To be honest, I do think there's a lot of truth in this, but we shoudn't forget that Kasparov himself was no stranger to reasoning in his own favour either. It's weird to hear him complain about time-outs being 'to Karpov's advantage' during the 1990 match, when just a few pages before he writes how useful a particular time out-was for him. On a political level, it's even easier to find examples of opportunism Kasparov's side - playing Kramnik instead of Shirov in 2000 is one thing that comes to mind - and I maintain my opinion that in general the parts dealing with politics are the least interesting of the book.
Karpov and Kasparov played their last official tournament game in Linares in 2001: it was their 167th. It was a relatively eventless draw which was nevertheless characteristic of many of their games. After that, they faced each other only in rapid and blitz games, the last time in Valencia in 2009, an exhibition match where ChessVibes was present. Kasparov dominated like he did in the last years of their dual reign in the chess world, but if you looked at the players only, it was almost as though you were back in the golden days, in 1990. True, Kasparov's hair had turned grey and Karpov's suit had grown a few sizes. But the tension, the will-power and the rivalry were still there.
There was one game that I was particularly curious about in this book: the infamous 19th game of the 1990 match. In this game, Kasparov offered a draw in an apparently overwhelming position:
Lyon m (19) 1990
Here, Black offered a draw. I recall how Bobby Fischer, among others, accused Karpov and Kasparov of 'fixing' the match, pointing to this 'suspicious' draw in particular. I myself was perplexed when I read about Black's draw offer in the papers the next day. It has always remained a mystery to me why Kasparov had offered it. What would he write in his book? Now we finally know:
Before the time control at move 40 I was so exhausted, that I could no longer delve into the subtleties of the position, and I was desperate to relieve the burden of the intense pressure as soon as possible. The very thought of the forthcoming adjournment, an endless night of analysis and playing on the following day was unbearable for me. My brain was demanding a rest.
Yes, they seemed from another planet, but they were human after all. Kasparov writes about the many ups and downs of the 1990 match with great honesty and passion. It is one of the best chapters of Kasparov on Modern Chess IV: Kasparov vs. Karpov 1988-2009 and, in my opinion, of the entire series.

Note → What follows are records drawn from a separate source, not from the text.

lemma mem_simplex_iff: "y \<in> \<Delta> \<longleftrightarrow> (\<forall>j\<le>N. 0 \<le> bary y j)"
proof
  assume "y \<in> \<Delta>"
  then obtain u where u: "\<forall>z\<in>x ` {..N}. 0 \<le> u z" "sum u (x ` {..N}) = 1" "(\<Sum>z\<in>x ` {..N}. u z *\<^sub>R z) = y"
    unfolding convex_hull_finite[OF finite_imageI[OF finite_atMost]] by blast
  have "sum (u \<circ> x) {..N} = 1" "(\<Sum>j\<le>N. (u \<circ> x) j *\<^sub>R x j) = y"
    using u sum.reindex[OF inj_vertices, of u] sum.reindex[OF inj_vertices, of "\<lambda>z. u z *\<^sub>R z"] by simp_all
  then show "\<forall>j\<le>N. 0 \<le> bary y j"
    using bary_unique u(1) by simp
next
  assume nonneg: "\<forall>j\<le>N. 0 \<le> bary y j"
  define u where "u z = bary y (inv_into {..N} x z)" for z
  have ux: "u (x j) = bary y j" if "j \<le> N" for j
    using inv_into_f_f[OF inj_vertices] that by (simp add: u_def)
  have "\<forall>z\<in>x ` {..N}. 0 \<le> u z" "sum u (x ` {..N}) = 1" "(\<Sum>z\<in>x ` {..N}. u z *\<^sub>R z) = y"
    using nonneg ux bary_sum[of y] bary_combination[of y]
      sum.reindex[OF inj_vertices, of u] sum.reindex[OF inj_vertices, of "\<lambda>z. u z *\<^sub>R z"] by auto
  then show "y \<in> \<Delta>"
    unfolding convex_hull_finite[OF finite_imageI[OF finite_atMost]] by blast
qed

lemma bary_le_one: "y \<in> \<Delta> \<Longrightarrow> bary y j \<le> 1"
proof (cases "j \<le> N")
  case True
  assume "y \<in> \<Delta>"
  then have "bary y j \<le> sum (bary y) {..N}"
    using True by (intro member_le_sum) (auto simp: mem_simplex_iff)
  then show ?thesis
    by (simp add: bary_sum)
qed (simp add: bary_beyond)

lemma vertex_in_simplex: "i \<le> N \<Longrightarrow> x i \<in> \<Delta>"
  by (simp add: hull_inc)

lemma barycenter_in_simplex: "barycenter \<in> \<Delta>"
  by (simp add: mem_simplex_iff bary_barycenter)

lemma dilation_simplex_eq:
  assumes "0 < s"
  shows "(\<lambda>w. p + s *\<^sub>R (w - p)) ` \<Delta> = {y. \<forall>k\<le>N. (1 - s) * bary p k \<le> bary y k}"
proof -
  have "0 \<le> bary (p + (1/s) *\<^sub>R (y - p)) k \<longleftrightarrow> (1 - s) * bary p k \<le> bary y k" for y k
  proof -
    have "bary (p + (1/s) *\<^sub>R (y - p)) k = (bary y k - (1 - s) * bary p k) / s"
      using bary_dilation[of p "1/s" y k] assms by (simp add: field_simps)
    then show ?thesis
      using assms by (simp add: zero_le_divide_iff)
  qed
  then have "p + (1/s) *\<^sub>R (y - p) \<in> \<Delta> \<longleftrightarrow> (\<forall>k\<le>N. (1 - s) * bary p k \<le> bary y k)" for y
    by (simp add: mem_simplex_iff)
  moreover have "y = p + s *\<^sub>R ((p + (1/s) *\<^sub>R (y - p)) - p)"
    and "w = p + (1/s) *\<^sub>R ((p + s *\<^sub>R (w - p)) - p)" for y w
    using assms by simp_all
  ultimately show ?thesis
    by (smt (verit) image_iff mem_Collect_eq subsetI subset_antisym)
qed

lemma compact_simplex: "compact \<Delta>"
  by (simp add: compact_convex_hull finite_imp_compact)

lemma lmeasurable_simplex: "\<Delta> \<in> lmeasurable"
  by (rule lmeasurable_compact[OF compact_simplex])

lemma measure_simplex_pos: "0 < measure lebesgue \<Delta>"
proof -
  have "card (x ` {..N}) = Suc DIM('a)"
    using card_image[OF inj_vertices] DIM_eq by simp
  then have "interior \<Delta> \<noteq> {}"
    using interior_convex_hull_eq_empty affine_independent by blast
  then have "\<not> negligible \<Delta>"
    using open_not_negligible[OF open_interior] interior_subset negligible_subset by blast
  then show ?thesis
    using negligible_iff_measure0[OF lmeasurable_simplex]
      measure_nonneg[of lebesgue \<Delta>] by linarith
qed

section \<open>Integrals of barycentric coordinates\<close>

lemma integral_homogeneous_on_simplex:
  assumes "continuous_on \<Delta> g"
    and sublevel: "\<And>s. 0 < s \<Longrightarrow> s < 1 \<Longrightarrow> (\<lambda>w. p + s *\<^sub>R (w - p)) ` \<Delta> = {y \<in> \<Delta>. g y \<le> s}"
    and hom: "\<And>s y. 0 < s \<Longrightarrow> s < 1 \<Longrightarrow> y \<in> \<Delta> \<Longrightarrow> g (p + s *\<^sub>R (y - p)) = s * g y"
    and le_one: "\<And>y. y \<in> \<Delta> \<Longrightarrow> g y \<le> 1"
  shows "(real N + 1) * integral \<Delta> g = real N * measure lebesgue \<Delta>"
proof -
  have "((\<lambda>y. 1) has_integral measure lebesgue \<Delta>) \<Delta>"
    using lmeasure_integral[OF lmeasurable_simplex] integrable_on_const[OF lmeasurable_simplex]
    by (metis has_integral_integral)
  moreover have "(g has_integral integral \<Delta> g) \<Delta>"
    using continuous_on_compact_integrable[OF assms(1) compact_simplex] by (simp add: has_integral_integral)
  ultimately show ?thesis
    using homogeneous_gauge_integral[OF compact_imp_bounded[OF compact_simplex] _ _ sublevel hom le_one]
    by (simp add: DIM_eq)
qed

lemma integral_bary:
  assumes "j \<le> N"
  shows "integral \<Delta> (\<lambda>y. bary y j) = measure lebesgue \<Delta> / (real N + 1)"
proof -
  have "(\<lambda>w. x j + s *\<^sub>R (w - x j)) ` \<Delta> = {y \<in> \<Delta>. 1 - bary y j \<le> s}" if "0 < s" "s < 1" for s
  proof -
    have "(\<forall>k\<le>N. (1 - s) * bary (x j) k \<le> bary y k) \<longleftrightarrow> (\<forall>k\<le>N. 0 \<le> bary y k) \<and> 1 - bary y j \<le> s" for y
    proof -
      have "(1 - s) * bary (x j) k \<le> bary y k \<longleftrightarrow> (if k = j then 1 - s \<le> bary y j else 0 \<le> bary y k)" for k
        using assms by (simp add: bary_vertex)
      then show ?thesis
        using that assms by (smt (verit, best))
    qed
    then show ?thesis
      unfolding dilation_simplex_eq[OF \<open>0 < s\<close>] mem_simplex_iff by blast
  qed
  moreover have "1 - bary (x j + s *\<^sub>R (y - x j)) j = s * (1 - bary y j)" for s y
    using bary_dilation[of "x j" s y j] bary_vertex[OF assms, of j] by (simp add: algebra_simps)
  ultimately have "(real N + 1) * integral \<Delta> (\<lambda>y. 1 - bary y j) = real N * measure lebesgue \<Delta>"
    by (intro integral_homogeneous_on_simplex) (auto intro!: continuous_intros continuous_on_bary simp: mem_simplex_iff assms)
  moreover have "integral \<Delta> (\<lambda>y. 1 - bary y j) = measure lebesgue \<Delta> - integral \<Delta> (\<lambda>y. bary y j)"
    using integral_diff[OF integrable_on_const[OF lmeasurable_simplex]
        continuous_on_compact_integrable[OF continuous_on_bary compact_simplex]]
      lmeasure_integral[OF lmeasurable_simplex] by simp
  ultimately show ?thesis
    by (simp add: field_simps)
qed

definition min_bary :: "'a \<Rightarrow> real" where
  "min_bary y = Min (bary y ` {..N})"

lemma min_bary_le: "j \<le> N \<Longrightarrow> min_bary y \<le> bary y j"
  by (simp add: min_bary_def)

lemma min_bary_ge_iff: "t \<le> min_bary y \<longleftrightarrow> (\<forall>j\<le>N. t \<le> bary y j)"
  by (auto simp: min_bary_def)

lemma min_bary_nonneg: "y \<in> \<Delta> \<Longrightarrow> 0 \<le> min_bary y"
  by (simp add: min_bary_ge_iff mem_simplex_iff)

lemma continuous_on_min_bary: "continuous_on A min_bary"
  unfolding min_bary_def by (intro continuous_on_Min continuous_on_bary) auto
lemma prob_card_range_inter_ge_le_sparse:
  fixes \<Lambda> :: "(int ^ 'd::finite) set"
  defines "D \<equiv> CARD('d)"
  defines "C \<equiv> visits_const D"
  assumes "3 \<le> D" and "0 < \<rho>" and small: "8 * C * \<rho> \<le> 1" and "0 < r"
    and "grid_density_le r \<Lambda> \<rho>"
    and n: "\<rho> powr (2 / real D - 1) * real r ^ 2 \<le> real n" and "56 * (C * \<rho>) * real n \<le> t"
  shows "measure_pmf.prob (srw_increments n) {X. t \<le> real (card (srw_range X n \<inter> \<Lambda>))}
    \<le> exp (- (\<rho> powr (1 - 2 / real D) * t / (2 * real r ^ 2)))"
proof -
  define \<theta> where "\<theta> = \<rho> powr (1 - 2 / real D) / real r ^ 2"
  define b where "b = C * \<rho> powr (2 / real D) * real r ^ 2"
  have C: "1 \<le> C"
    using assms(3) by (simp add: C_def visits_const_ge_1)
  have "\<rho> \<le> C * \<rho>"
    using mult_right_mono[OF C, of \<rho>] \<open>0 < \<rho>\<close> by simp
  then have "\<rho> \<le> 1"
    using small by linarith
  then have \<theta>: "0 < \<theta>" "\<theta> \<le> 1" and \<theta>r: "\<theta> * (\<rho> powr (2 / real D) * real r ^ 2) = \<rho>"
    using tilt_parameter[of D \<rho> r] assms(3,4,6) by (simp_all add: \<theta>_def)
  have "\<theta> * b = C * (\<theta> * (\<rho> powr (2 / real D) * real r ^ 2))"
    by (simp add: b_def ac_simps)
  then have \<theta>b: "\<theta> * b = C * \<rho>"
    by (simp only: \<theta>r)
  have "\<theta> * (C * \<rho>) \<le> C * \<rho>"
    using \<theta> C \<open>0 < \<rho>\<close> by (intro mult_left_le_one_le) auto
  have "0 < \<rho> powr (2 / real D - 1) * real r ^ 2"
    using \<open>0 < r\<close> \<open>0 < \<rho>\<close> by simp
  then have "1 \<le> n"
    using n by simp
  have "b = C * (\<rho> * \<rho> powr (2 / real D - 1)) * real r ^ 2"
    using \<open>0 < \<rho>\<close> by (simp add: b_def powr_mult_base)
  also have "\<dots> \<le> C * \<rho> * real n"
    using C \<open>0 < \<rho>\<close> mult_left_mono[OF n, of "C * \<rho>"] by (simp add: mult.assoc)
  finally have "b \<le> C * \<rho> * real n" .
  have "expected_visits \<Lambda> m x \<le> C * \<rho> * real m + b" for m x
    using expected_visits_le[of r \<rho> \<Lambda> m x] assms by (simp add: C_def D_def b_def algebra_simps)
  moreover have "8 * \<theta> * (C * \<rho>) \<le> 1" and "8 * \<theta> * b \<le> 1"
    using \<theta>b \<open>\<theta> * (C * \<rho>) \<le> C * \<rho>\<close> small by linarith+
  moreover have "0 \<le> b"
    using C by (simp add: b_def)
  ultimately have "measure_pmf.prob (srw_increments n) {X. t \<le> real (card (srw_range X n \<inter> \<Lambda>))}
      \<le> exp (- (\<theta> * t / 2))"
    using \<theta> C \<open>0 < \<rho>\<close> \<open>1 \<le> n\<close> \<open>b \<le> C * \<rho> * real n\<close> assms(9)
    by (intro prob_card_range_inter_ge_le_exp_half[where a = "C * \<rho>" and b = b]) auto
  then show ?thesis
    by (simp add: \<theta>_def mult.commute)
qed

lemma prob_card_range_inter_ge_eq_0_dense:
  assumes "1 < 8 * c" and "0 < real n" and "56 * c * real n \<le> t"
  shows "measure_pmf.prob (srw_increments n) {X. t \<le> real (card (srw_range X n \<inter> \<Lambda>))} = 0"
proof (rule prob_card_range_inter_ge_eq_0)
  have "real (Suc n) \<le> 7 * real n"
    using assms(2) by simp
  also have "\<dots> < 7 * real n * (8 * c)"
    using assms(1,2) by simp
  also have "\<dots> \<le> t"
    using assms(3) by (simp add: algebra_simps)
  finally show "real (Suc n) < t" .
qed

theorem proposition1p3:
  assumes "CARD('d::finite) \<ge> 3"
  shows "\<exists>\<kappa>::real. \<kappa> > 1 \<and>
    (\<forall>(\<rho>::real) (r::nat) (\<Lambda>::(int ^ 'd) set) (n::nat) (t::real).
      0 < \<rho> \<and> \<rho> < 1 \<and> r \<ge> 1 \<and>
      (\<forall>x::int ^ 'd. (\<forall>i. (2 * int r) dvd x $ i) \<longrightarrow>
          real (card (\<Lambda> \<inter> box_Q x (int r))) \<le> \<rho> * real (card (box_Q x (int r)))) \<and>
      real n \<ge> \<rho> powr (2 / real CARD('d) - 1) * real r ^ 2 \<and>
      t \<ge> \<kappa> * \<rho> * real n \<longrightarrow>
      measure_pmf.prob (srw_increments n) {X. real (card (srw_range X n \<inter> \<Lambda>)) \<ge> t}
        \<le> exp (- (\<rho> powr (1 - 2 / real CARD('d)) * t / (2 * real r ^ 2))))"
proof (intro exI[of _ "56 * visits_const CARD('d)"] conjI allI impI)
  let ?C = "visits_const CARD('d)"
  show "56 * ?C > 1"
    using visits_const_ge_1[of "CARD('d)"] by simp
  fix \<rho> :: real and r n t and \<Lambda> :: "(int ^ 'd) set"
  assume h: "0 < \<rho> \<and> \<rho> < 1 \<and> r \<ge> 1 \<and>
      (\<forall>x::int ^ 'd. (\<forall>i. (2 * int r) dvd x $ i) \<longrightarrow>
          real (card (\<Lambda> \<inter> box_Q x (int r))) \<le> \<rho> * real (card (box_Q x (int r)))) \<and>
      real n \<ge> \<rho> powr (2 / real CARD('d) - 1) * real r ^ 2 \<and> t \<ge> 56 * ?C * \<rho> * real n"
  have "0 < \<rho> powr (2 / real CARD('d) - 1) * real r ^ 2"
    using h by simp
  then have "0 < real n"
    using h by linarith
  show "measure_pmf.prob (srw_increments n) {X. real (card (srw_range X n \<inter> \<Lambda>)) \<ge> t}
      \<le> exp (- (\<rho> powr (1 - 2 / real CARD('d)) * t / (2 * real r ^ 2)))"
  proof (cases "8 * (?C * \<rho>) \<le> 1")
    case True
    with h assms show ?thesis
      by (intro prob_card_range_inter_ge_le_sparse) (auto simp: grid_density_le_def mult.assoc)
  next
    case False
    with h \<open>0 < real n\<close> show ?thesis
      using prob_card_range_inter_ge_eq_0_dense[of "?C * \<rho>" n t \<Lambda>] by (simp add: mult.assoc)
  qed
qed

end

And what a wonderful match it was. I had only just started to seriously play chess then, and I still remember the spell I was under for days. Of course, it was especially Kasparov's play that captured my imagination, so I'm always a little surprised the final match result looks like such a close call. In the third game, Kasparov sacrificed a queen in what almost was an endgame already. And he got away with it. It was unbelievable. And even though later on Black's idea was more or less refuted, for me this game will always be magical.
New York m (3) 1990
(Position after 17...Bxd7)
Thanks to games like these, I understood the depth and beauty of the game of chess like never before. If only Kasparov's series continues to inspire people to study and play chess, I think his project is a success already.